# [Records from a collection]
BEGIN
lemma sbm_balanced_statistics_deviation:
  fixes pin pout d :: real
  assumes p: "0 \<le> pin" "pin \<le> 1" "0 \<le> pout" "pout \<le> 1"
    and C: "C \<subseteq> {..<2 * m}" "card C = m" and "m > 0" and "d \<ge> 0"
  shows "measure_pmf.prob (sbm_pmf (2 * m) C pin pout)
           {E. d \<le> \<bar>(\<Sum>i<2 * m. \<Sum>j<2 * m. adj_mat E i j * zmat C i j) / (real (2 * m))\<^sup>2
                    - (pin - pout) / 2\<bar>}
         \<le> 2 * exp (- (d\<^sup>2 * (real (2 * m))\<^sup>2) / 8)" (is ?dev_x)
    and "measure_pmf.prob (sbm_pmf (2 * m) C pin pout)
           {E. d \<le> \<bar>(\<Sum>i<2 * m. \<Sum>j<2 * m. adj_mat E i j) / (real (2 * m))\<^sup>2 - (pin + pout) / 2\<bar>}
         \<le> 2 * exp (- (d\<^sup>2 * (real (2 * m))\<^sup>2) / 8)" (is ?dev_y)
proof -
  have "2 * m > 0" using \<open>m > 0\<close> by simp
  have mean_x: "(\<Sum>i<2 * m. \<Sum>j<2 * m. sbm_edge_prob C pin pout i j * zmat C i j) / (real (2 * m))\<^sup>2
      = (pin - pout) / 2"
    using sum_sbm_edge_prob_balanced(1)[OF C] \<open>m > 0\<close> by simp
  show ?dev_x
    unfolding mean_x[symmetric]
    by (rule sbm_weighted_edge_sum_deviation) (use p \<open>2 * m > 0\<close> \<open>d \<ge> 0\<close> in \<open>auto simp: zmat_def zvec_def\<close>)
  have mean_y: "(\<Sum>i<2 * m. \<Sum>j<2 * m. sbm_edge_prob C pin pout i j) / (real (2 * m))\<^sup>2 = (pin + pout) / 2"
    using sum_sbm_edge_prob_balanced(2)[OF C] \<open>m > 0\<close> by simp
  show ?dev_y
    unfolding mean_y[symmetric]
    using sbm_weighted_edge_sum_deviation[OF p \<open>2 * m > 0\<close> \<open>d \<ge> 0\<close>, of "\<lambda>_ _. 1" C] by simp
qed

lemma sbm_cos_sq_prob_lower_bound:
  fixes pin pout G d :: real and C :: "nat set"
  assumes p: "0 \<le> pin" "pin \<le> 1" "0 \<le> pout" "pout \<le> 1"
    and C: "C \<subseteq> {..<2 * m}" "card C = m" and "m > 0" and "d > 0"
    and near: "\<And>x y. \<bar>x - (pin - pout) / 2\<bar> < d \<Longrightarrow> \<bar>y - (pin + pout) / 2\<bar> < d
                 \<Longrightarrow> G < x\<^sup>2 / (y * (1 - y))"
  shows "1 - 4 * exp (- (d\<^sup>2 * (real (2 * m))\<^sup>2) / 8)
       \<le> measure_pmf.prob (sbm_pmf (2 * m) C pin pout)
           {E. G \<le> (mat_cos (2 * m) (modularity_mat (2 * m) (adj_mat E)) (zmat C))\<^sup>2}"
proof -
  define n where "n = 2 * m"
  define \<Omega> where "\<Omega> = sbm_pmf n C pin pout"
  define x where "x E = (\<Sum>i<n. \<Sum>j<n. adj_mat E i j * zmat C i j) / (real n)\<^sup>2" for E
  define y where "y E = (\<Sum>i<n. \<Sum>j<n. adj_mat E i j) / (real n)\<^sup>2" for E
  define B where "B = {E. d \<le> \<bar>x E - (pin - pout) / 2\<bar>} \<union> {E. d \<le> \<bar>y E - (pin + pout) / 2\<bar>}"
  have "n > 0" using \<open>m > 0\<close> by (simp add: n_def)
  have "measure_pmf.prob \<Omega> B
      \<le> measure_pmf.prob \<Omega> {E. d \<le> \<bar>x E - (pin - pout) / 2\<bar>}
        + measure_pmf.prob \<Omega> {E. d \<le> \<bar>y E - (pin + pout) / 2\<bar>}"
    unfolding B_def by (rule measure_Un_le) auto
  also have "\<dots> \<le> 4 * exp (- (d\<^sup>2 * (real n)\<^sup>2) / 8)"
    using sbm_balanced_statistics_deviation[OF p C \<open>m > 0\<close> less_imp_le[OF \<open>d > 0\<close>]]
    unfolding \<Omega>_def x_def y_def n_def by linarith
  finally have "measure_pmf.prob \<Omega> B \<le> 4 * exp (- (d\<^sup>2 * (real n)\<^sup>2) / 8)" .
  moreover have "UNIV - B \<subseteq> {E. G \<le> (mat_cos n (modularity_mat n (adj_mat E)) (zmat C))\<^sup>2}"
  proof safe
    fix E assume "E \<notin> B"
    have "(mat_cos n (modularity_mat n (adj_mat E)) (zmat C))\<^sup>2 = (x E)\<^sup>2 / (y E * (1 - y E))"
      using mat_cos_modularity_zmat_sq[OF \<open>n > 0\<close>, of "adj_mat E" C] sum_zvec_balanced[OF C]
      by (simp add: x_def y_def n_def adj_mat_def)
    also have "G < \<dots>"
      using near \<open>E \<notin> B\<close> by (simp add: B_def)
    finally show "G \<le> (mat_cos n (modularity_mat n (adj_mat E)) (zmat C))\<^sup>2" by simp
  qed
  then have "measure_pmf.prob \<Omega> (UNIV - B)
      \<le> measure_pmf.prob \<Omega> {E. G \<le> (mat_cos n (modularity_mat n (adj_mat E)) (zmat C))\<^sup>2}"
    by (rule measure_pmf.finite_measure_mono) simp
  moreover have "measure_pmf.prob \<Omega> (UNIV - B) = 1 - measure_pmf.prob \<Omega> B"
    using measure_pmf.prob_compl[of B \<Omega>] by simp
  ultimately show ?thesis
    by (simp add: \<Omega>_def n_def)
qed

theorem lemma9:
  fixes pin pout \<epsilon> :: real and C :: "nat \<Rightarrow> nat set"
  assumes "0 \<le> pin" "pin \<le> 1" "0 \<le> pout" "pout \<le> 1"
    and "0 < pin + pout" "pin + pout < 2"
    and "\<epsilon> > 0"
    and "\<And>m. C m \<subseteq> {..<2 * m} \<and> card (C m) = m"
  shows "(\<lambda>m. measure_pmf.prob (sbm_pmf (2 * m) (C m) pin pout)
            {E. (mat_cos (2 * m) (modularity_mat (2 * m) (adj_mat E)) (zmat (C m)))^2
                  \<ge> (sbm_gamma pin pout)^2 - \<epsilon>}) \<longlonglongrightarrow> 1"
proof -
  obtain d where "d > 0" and near: "\<And>x y. \<bar>x - (pin - pout) / 2\<bar> < d \<Longrightarrow> \<bar>y - (pin + pout) / 2\<bar> < d
      \<Longrightarrow> (sbm_gamma pin pout)\<^sup>2 - \<epsilon> < x\<^sup>2 / (y * (1 - y))"
    using sq_div_variance_lower_bound_near[of "(pin + pout) / 2" \<epsilon> "(pin - pout) / 2"] assms(5-7)
    unfolding sbm_gamma_sq[OF assms(5,6)] by auto
  have lower: "eventually (\<lambda>m. 1 - 4 * exp (- (d\<^sup>2 * (real (2 * m))\<^sup>2) / 8)
      \<le> measure_pmf.prob (sbm_pmf (2 * m) (C m) pin pout)
           {E. (mat_cos (2 * m) (modularity_mat (2 * m) (adj_mat E)) (zmat (C m)))^2
                 \<ge> (sbm_gamma pin pout)^2 - \<epsilon>}) sequentially"
    using sbm_cos_sq_prob_lower_bound[OF assms(1-4) _ _ _ \<open>d > 0\<close> near] assms(8)
    by (intro eventually_sequentiallyI[of 1]) auto
  have limit: "(\<lambda>m. 1 - 4 * exp (- (d\<^sup>2 * (real (2 * m))\<^sup>2) / 8)) \<longlonglongrightarrow> 1"
    using \<open>d > 0\<close> by real_asymp
  show ?thesis
    by (rule tendsto_sandwich[OF lower _ limit tendsto_const]) (simp add: measure_pmf.prob_le_1)
qed

end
END
# [ASSIGNMENT]
The answer must consist of each line in the entries above that includes "thesis".

# [RESULT FOR THIS TASK]
  ultimately show ?thesis
  show ?thesis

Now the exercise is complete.